WHAT YOU ARE ASKED TO DO:
Throughout the entries below, report every line where "using" is found.

Saved entries:

-- -- --

lemma unit_fraction_sum_times_mem_factroid_gen:
  assumes "\<forall>d\<in>set ds. d \<noteq> 0"
  shows "\<exists>h y. (h::'a::idom) \<noteq> 0 \<and> y \<in> factroid_gen (*) reg {h} \<and> emb y = emb h * unit_fraction_sum ds"
  using assms
proof (induction ds)
  case Nil
  have "0 \<in> factroid_gen (*) reg {1::'a}"
    by (rule factroid_zero[OF factroid_factroid_gen])
  then show ?case by (intro exI[of _ 1] exI[of _ 0]) (simp add: emb_def Zero_fract_def)
next
  case (Cons d ds)
  then obtain h y where h: "h \<noteq> 0" and y: "y \<in> factroid_gen (*) reg {h}"
    and y_eq: "emb y = emb h * unit_fraction_sum ds" and d: "d \<noteq> 0"
    by auto
  let ?G = "factroid_gen (*) reg {d * h}"
  have "h \<in> ?G"
    using d by (intro mem_factroid_gen_singleton_factor) (simp add: reg_eq_nonzero)
  moreover have "d * y \<in> ?G"
    using factroid_gen_singleton_times y by blast
  ultimately have "h + d * y \<in> ?G"
    by (rule factroid_add[OF factroid_factroid_gen])
  moreover have "emb (h + d * y) = emb (d * h) * unit_fraction_sum (d # ds)"
    using d y_eq by (simp add: emb_add emb_mult emb_eq_0_iff field_simps)
  ultimately show ?case
    using d h by (intro exI[of _ "d * h"] exI[of _ "h + d * y"]) simp
qed

lemma egyptian_subset_G_one: "emb -` recip_compl \<subseteq> G_one (reg :: 'a::idom set)"
proof
  fix a :: 'a assume "a \<in> emb -` recip_compl"
  then obtain ds where "\<forall>d\<in>set ds. d \<noteq> 0" "emb a = unit_fraction_sum ds"
    by (auto simp: mem_recip_compl_iff)
  then obtain h y where "h \<noteq> 0" "y \<in> factroid_gen (*) reg {h}" "emb y = emb (h * a)"
    using unit_fraction_sum_times_mem_factroid_gen by (metis emb_mult)
  then show "a \<in> G_one reg"
    unfolding G_one_def by (auto simp: reg_eq_nonzero emb_eq_iff)
qed

lemma G_one_eq_egyptian: "G_one (reg :: 'a::idom set) = emb -` recip_compl"
  using G_one_subset_egyptian egyptian_subset_G_one by blast

lemma eq_singleton_UNIV_iff_least_eq_UNIV:
  assumes "S \<in> C" "\<forall>F\<in>C. S \<subseteq> F" "UNIV \<in> C"
  shows "C = {UNIV} \<longleftrightarrow> S = UNIV"
  using assms by auto

theorem corollary7p11:
  fixes TYPE_A :: "'a::idom itself"
  shows "(egyptian_domain TYPE('a) \<longleftrightarrow>
            {F :: 'a set. factroid (*) reg F \<and> factroid_regular (*) reg reg F \<and> 1 \<in> F} = {UNIV})
       \<and> (egyptian_domain TYPE('a) \<longleftrightarrow>
            {F :: 'a fract set. factroid (\<lambda>a x. emb a * x) (reg :: 'a set) F \<and> 1 \<in> F} = {UNIV})
       \<and> G_one (reg :: 'a set) \<in> {F. factroid (*) reg F \<and> factroid_regular (*) reg reg F \<and> 1 \<in> F}
       \<and> (\<forall>F. factroid (*) reg F \<and> factroid_regular (*) reg reg F \<and> 1 \<in> F \<longrightarrow> G_one (reg :: 'a set) \<subseteq> F)
       \<and> {a :: 'a. emb a \<in> recip_compl} = G_one reg
       \<and> (recip_compl :: 'a fract set) = factroid_gen (\<lambda>a x. emb a * x) (reg :: 'a set) {1}"
proof -
  let ?CA = "{F :: 'a set. factroid (*) reg F \<and> factroid_regular (*) reg reg F \<and> 1 \<in> F}"
  let ?CK = "{F :: 'a fract set. factroid (\<lambda>a x. emb a * x) (reg :: 'a set) F \<and> 1 \<in> F}"
  have egyptian: "egyptian_domain TYPE('a) \<longleftrightarrow> emb -` recip_compl = (UNIV :: 'a set)"
    by (auto simp: egyptian_domain_def)
  have G_mem: "G_one reg \<in> ?CA"
    using factroid_egyptian factroid_regular_egyptian one_mem_recip_compl
    by (simp add: G_one_eq_egyptian emb_1)
  have G_least: "\<forall>F\<in>?CA. G_one reg \<subseteq> F"
    using G_one_least by blast
  have "?CA = {UNIV} \<longleftrightarrow> G_one (reg :: 'a set) = UNIV"
    using G_mem G_least by (rule eq_singleton_UNIV_iff_least_eq_UNIV)
      (simp add: factroid_UNIV factroid_regular_UNIV)
  then have A: "egyptian_domain TYPE('a) \<longleftrightarrow> ?CA = {UNIV}"
    by (simp add: egyptian G_one_eq_egyptian)
  have "?CK = {UNIV} \<longleftrightarrow> (recip_compl :: 'a fract set) = UNIV"
    by (rule eq_singleton_UNIV_iff_least_eq_UNIV)
      (simp_all add: factroid_recip_compl one_mem_recip_compl recip_compl_least factroid_UNIV)
  then have K: "egyptian_domain TYPE('a) \<longleftrightarrow> ?CK = {UNIV}"
    by (simp add: egyptian recip_compl_eq_UNIV_iff)
  have "{a :: 'a. emb a \<in> recip_compl} = G_one reg"
    by (simp add: G_one_eq_egyptian vimage_def)
  with A K G_mem G_least recip_compl_eq_factroid_gen show ?thesis
    by blast
qed

end
(* Let $G$ be a connected chordal graph. Suppose $G$ contains two induced diamonds $D_1$ and $D_2$, where $D_j$ has tips $t_j,t_j'$, set of tips $T_j$, centers $c_j,c_j'$ and set of centers $C_j=\{c_j,c_j'\}$, such that: (i) $C_1\cap C_2=\emptyset$; (ii) if no vertex of $C_1$ is adjacent to a vertex of $C_2$, then every minimal $C_1,C_2$-separator in $G$ has size one; (iii) for each $j\in\{1,2\}$, the tips $t_j$ and $t_j'$ belong to different connected components of $G-C_j$; (iv) for each $j\in\{1,2\}$, every connected component of $G-C_j$ contains a vertex adjacent to both vertices of $C_j$. Then $G$ has an induced subgraph isomorphic to $F_1$, $F_2$, or $H_i$ for some $i\ge 1$.
   Context: A graph is chordal if it has no induced cycle of length at least $4$. A diamond is the graph obtained from $K_4$ by deleting one edge; its two vertices of degree $2$ are its tips and its two vertices of degree $3$ are its centers. For disjoint vertex sets $A,B$ with no edge between $A$ and $B$, an $A,B$-separator is a set $S\subseteq V(G)\setminus(A\cup B)$ such that $A$ and $B$ lie in different components of $G-S$ (here meaning no component of $G-S$ meets both $A$ and $B$); it is minimal if it contains no other $A,B$-separator. $F_1$ is the square of the $6$-vertex path: vertices $p_1,\dots,p_6$ with $p_ip_j$ an edge iff $1\le|i-j|\le 2$. $F_2$ is obtained from $K_4$ on $\{a,b,c,d\}$ by adding a vertex adjacent exactly to $a,b$ and a vertex adjacent exactly to $c,d$. For $i\ge 1$, $H_i$ has vertex set $\{x_1,x_2,x_3,y_1,\dots,y_i,z_1,z_2,z_3\}$ and edges: the path $y_1y_2\cdots y_i$; $x_1x_2,x_1x_3,x_2x_3,x_2y_1,x_3y_1$ (a diamond with tips $x_1,y_1$); and $z_1z_2,z_1z_3,z_2z_3,z_2y_i,z_3y_i$ (a diamond with tips $z_1,y_i$); no other edges. (So $H_1$ is two diamonds sharing a tip.) *)

theory Defs
  imports Main
begin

-- -- --

ANSWER TO THE PROBLEM:
  using assms
    using d by (intro mem_factroid_gen_singleton_factor) (simp add: reg_eq_nonzero)
    using factroid_gen_singleton_times y by blast
    using d y_eq by (simp add: emb_add emb_mult emb_eq_0_iff field_simps)
    using d h by (intro exI[of _ "d * h"] exI[of _ "h + d * y"]) simp
    using unit_fraction_sum_times_mem_factroid_gen by (metis emb_mult)
  using G_one_subset_egyptian egyptian_subset_G_one by blast
  using assms by auto
    using factroid_egyptian factroid_regular_egyptian one_mem_recip_compl
    using G_one_least by blast
    using G_mem G_least by (rule eq_singleton_UNIV_iff_least_eq_UNIV)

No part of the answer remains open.